__REQUIRED ACTION__. The data should be duplicated exactly, with every word kept as it is.
** DATA SUPPLIED follows **
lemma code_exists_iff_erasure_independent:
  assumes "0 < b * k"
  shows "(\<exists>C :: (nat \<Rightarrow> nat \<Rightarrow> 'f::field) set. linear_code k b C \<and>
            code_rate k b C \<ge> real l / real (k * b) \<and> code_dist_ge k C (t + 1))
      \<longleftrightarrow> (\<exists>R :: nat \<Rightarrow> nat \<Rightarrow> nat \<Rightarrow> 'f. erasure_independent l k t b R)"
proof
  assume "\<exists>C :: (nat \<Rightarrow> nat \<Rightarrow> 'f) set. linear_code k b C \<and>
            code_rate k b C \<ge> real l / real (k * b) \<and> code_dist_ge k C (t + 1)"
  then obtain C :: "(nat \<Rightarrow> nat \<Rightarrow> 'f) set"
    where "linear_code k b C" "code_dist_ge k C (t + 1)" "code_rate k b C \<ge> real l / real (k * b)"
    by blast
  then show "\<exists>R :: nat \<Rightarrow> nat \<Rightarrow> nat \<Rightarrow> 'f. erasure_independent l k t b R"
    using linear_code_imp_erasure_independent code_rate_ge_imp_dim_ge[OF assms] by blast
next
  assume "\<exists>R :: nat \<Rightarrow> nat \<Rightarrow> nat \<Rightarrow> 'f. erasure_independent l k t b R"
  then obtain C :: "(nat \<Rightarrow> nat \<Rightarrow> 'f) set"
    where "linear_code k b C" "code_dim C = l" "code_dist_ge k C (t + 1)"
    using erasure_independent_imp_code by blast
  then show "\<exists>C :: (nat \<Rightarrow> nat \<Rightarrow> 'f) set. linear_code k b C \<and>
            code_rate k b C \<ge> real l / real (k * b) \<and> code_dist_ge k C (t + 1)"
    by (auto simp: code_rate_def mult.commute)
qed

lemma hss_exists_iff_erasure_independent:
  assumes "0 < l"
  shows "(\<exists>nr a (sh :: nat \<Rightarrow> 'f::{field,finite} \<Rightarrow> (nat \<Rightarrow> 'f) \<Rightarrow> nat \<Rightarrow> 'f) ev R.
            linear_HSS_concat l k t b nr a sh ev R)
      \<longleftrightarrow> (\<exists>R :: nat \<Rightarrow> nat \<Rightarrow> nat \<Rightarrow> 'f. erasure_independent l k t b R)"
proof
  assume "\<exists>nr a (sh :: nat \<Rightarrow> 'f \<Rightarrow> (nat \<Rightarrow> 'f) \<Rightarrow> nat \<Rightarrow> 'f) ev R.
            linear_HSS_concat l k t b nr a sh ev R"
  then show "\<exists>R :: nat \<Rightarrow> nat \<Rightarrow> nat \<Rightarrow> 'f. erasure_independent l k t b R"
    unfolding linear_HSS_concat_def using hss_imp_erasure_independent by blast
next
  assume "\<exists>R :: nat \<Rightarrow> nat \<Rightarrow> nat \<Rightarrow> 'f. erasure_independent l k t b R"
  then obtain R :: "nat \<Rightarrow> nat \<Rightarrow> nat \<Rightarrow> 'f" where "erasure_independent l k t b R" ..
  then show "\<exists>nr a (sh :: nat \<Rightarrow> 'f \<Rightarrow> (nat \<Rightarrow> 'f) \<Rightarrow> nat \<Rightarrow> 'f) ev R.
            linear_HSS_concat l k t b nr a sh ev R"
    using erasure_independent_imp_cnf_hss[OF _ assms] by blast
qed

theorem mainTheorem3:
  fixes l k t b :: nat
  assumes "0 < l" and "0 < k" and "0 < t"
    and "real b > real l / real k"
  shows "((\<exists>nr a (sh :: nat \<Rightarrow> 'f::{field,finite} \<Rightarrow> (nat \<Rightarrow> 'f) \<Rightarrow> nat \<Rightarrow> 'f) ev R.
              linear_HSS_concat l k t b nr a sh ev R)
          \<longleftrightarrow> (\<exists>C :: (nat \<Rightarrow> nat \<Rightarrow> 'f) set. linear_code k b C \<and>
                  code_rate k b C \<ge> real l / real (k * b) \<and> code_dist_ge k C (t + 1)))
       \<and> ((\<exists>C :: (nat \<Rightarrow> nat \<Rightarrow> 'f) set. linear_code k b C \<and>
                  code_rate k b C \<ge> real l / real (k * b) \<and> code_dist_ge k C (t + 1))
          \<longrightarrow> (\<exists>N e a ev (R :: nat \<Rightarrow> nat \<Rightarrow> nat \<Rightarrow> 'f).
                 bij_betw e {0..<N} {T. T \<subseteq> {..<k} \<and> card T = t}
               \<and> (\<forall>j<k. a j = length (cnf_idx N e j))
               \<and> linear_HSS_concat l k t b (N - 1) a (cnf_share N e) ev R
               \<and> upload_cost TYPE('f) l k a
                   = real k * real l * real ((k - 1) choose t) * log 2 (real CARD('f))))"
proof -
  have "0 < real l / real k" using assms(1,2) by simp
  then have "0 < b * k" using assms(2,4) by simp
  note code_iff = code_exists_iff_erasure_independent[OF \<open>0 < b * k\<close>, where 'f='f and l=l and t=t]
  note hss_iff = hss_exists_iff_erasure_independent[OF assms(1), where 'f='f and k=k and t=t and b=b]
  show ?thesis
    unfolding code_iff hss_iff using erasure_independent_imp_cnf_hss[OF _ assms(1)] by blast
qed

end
** End of DATA SUPPLIED **
__OUTPUT FOR THIS TASK__.
lemma code_exists_iff_erasure_independent:
  assumes "0 < b * k"
  shows "(\<exists>C :: (nat \<Rightarrow> nat \<Rightarrow> 'f::field) set. linear_code k b C \<and>
            code_rate k b C \<ge> real l / real (k * b) \<and> code_dist_ge k C (t + 1))
      \<longleftrightarrow> (\<exists>R :: nat \<Rightarrow> nat \<Rightarrow> nat \<Rightarrow> 'f. erasure_independent l k t b R)"
proof
  assume "\<exists>C :: (nat \<Rightarrow> nat \<Rightarrow> 'f) set. linear_code k b C \<and>
            code_rate k b C \<ge> real l / real (k * b) \<and> code_dist_ge k C (t + 1)"
  then obtain C :: "(nat \<Rightarrow> nat \<Rightarrow> 'f) set"
    where "linear_code k b C" "code_dist_ge k C (t + 1)" "code_rate k b C \<ge> real l / real (k * b)"
    by blast
  then show "\<exists>R :: nat \<Rightarrow> nat \<Rightarrow> nat \<Rightarrow> 'f. erasure_independent l k t b R"
    using linear_code_imp_erasure_independent code_rate_ge_imp_dim_ge[OF assms] by blast
next
  assume "\<exists>R :: nat \<Rightarrow> nat \<Rightarrow> nat \<Rightarrow> 'f. erasure_independent l k t b R"
  then obtain C :: "(nat \<Rightarrow> nat \<Rightarrow> 'f) set"
    where "linear_code k b C" "code_dim C = l" "code_dist_ge k C (t + 1)"
    using erasure_independent_imp_code by blast
  then show "\<exists>C :: (nat \<Rightarrow> nat \<Rightarrow> 'f) set. linear_code k b C \<and>
            code_rate k b C \<ge> real l / real (k * b) \<and> code_dist_ge k C (t + 1)"
    by (auto simp: code_rate_def mult.commute)
qed

lemma hss_exists_iff_erasure_independent:
  assumes "0 < l"
  shows "(\<exists>nr a (sh :: nat \<Rightarrow> 'f::{field,finite} \<Rightarrow> (nat \<Rightarrow> 'f) \<Rightarrow> nat \<Rightarrow> 'f) ev R.
            linear_HSS_concat l k t b nr a sh ev R)
      \<longleftrightarrow> (\<exists>R :: nat \<Rightarrow> nat \<Rightarrow> nat \<Rightarrow> 'f. erasure_independent l k t b R)"
proof
  assume "\<exists>nr a (sh :: nat \<Rightarrow> 'f \<Rightarrow> (nat \<Rightarrow> 'f) \<Rightarrow> nat \<Rightarrow> 'f) ev R.
            linear_HSS_concat l k t b nr a sh ev R"
  then show "\<exists>R :: nat \<Rightarrow> nat \<Rightarrow> nat \<Rightarrow> 'f. erasure_independent l k t b R"
    unfolding linear_HSS_concat_def using hss_imp_erasure_independent by blast
next
  assume "\<exists>R :: nat \<Rightarrow> nat \<Rightarrow> nat \<Rightarrow> 'f. erasure_independent l k t b R"
  then obtain R :: "nat \<Rightarrow> nat \<Rightarrow> nat \<Rightarrow> 'f" where "erasure_independent l k t b R" ..
  then show "\<exists>nr a (sh :: nat \<Rightarrow> 'f \<Rightarrow> (nat \<Rightarrow> 'f) \<Rightarrow> nat \<Rightarrow> 'f) ev R.
            linear_HSS_concat l k t b nr a sh ev R"
    using erasure_independent_imp_cnf_hss[OF _ assms] by blast
qed

theorem mainTheorem3:
  fixes l k t b :: nat
  assumes "0 < l" and "0 < k" and "0 < t"
    and "real b > real l / real k"
  shows "((\<exists>nr a (sh :: nat \<Rightarrow> 'f::{field,finite} \<Rightarrow> (nat \<Rightarrow> 'f) \<Rightarrow> nat \<Rightarrow> 'f) ev R.
              linear_HSS_concat l k t b nr a sh ev R)
          \<longleftrightarrow> (\<exists>C :: (nat \<Rightarrow> nat \<Rightarrow> 'f) set. linear_code k b C \<and>
                  code_rate k b C \<ge> real l / real (k * b) \<and> code_dist_ge k C (t + 1)))
       \<and> ((\<exists>C :: (nat \<Rightarrow> nat \<Rightarrow> 'f) set. linear_code k b C \<and>
                  code_rate k b C \<ge> real l / real (k * b) \<and> code_dist_ge k C (t + 1))
          \<longrightarrow> (\<exists>N e a ev (R :: nat \<Rightarrow> nat \<Rightarrow> nat \<Rightarrow> 'f).
                 bij_betw e {0..<N} {T. T \<subseteq> {..<k} \<and> card T = t}
               \<and> (\<forall>j<k. a j = length (cnf_idx N e j))
               \<and> linear_HSS_concat l k t b (N - 1) a (cnf_share N e) ev R
               \<and> upload_cost TYPE('f) l k a
                   = real k * real l * real ((k - 1) choose t) * log 2 (real CARD('f))))"
proof -
  have "0 < real l / real k" using assms(1,2) by simp
  then have "0 < b * k" using assms(2,4) by simp
  note code_iff = code_exists_iff_erasure_independent[OF \<open>0 < b * k\<close>, where 'f='f and l=l and t=t]
  note hss_iff = hss_exists_iff_erasure_independent[OF assms(1), where 'f='f and k=k and t=t and b=b]
  show ?thesis
    unfolding code_iff hss_iff using erasure_independent_imp_cnf_hss[OF _ assms(1)] by blast
qed

end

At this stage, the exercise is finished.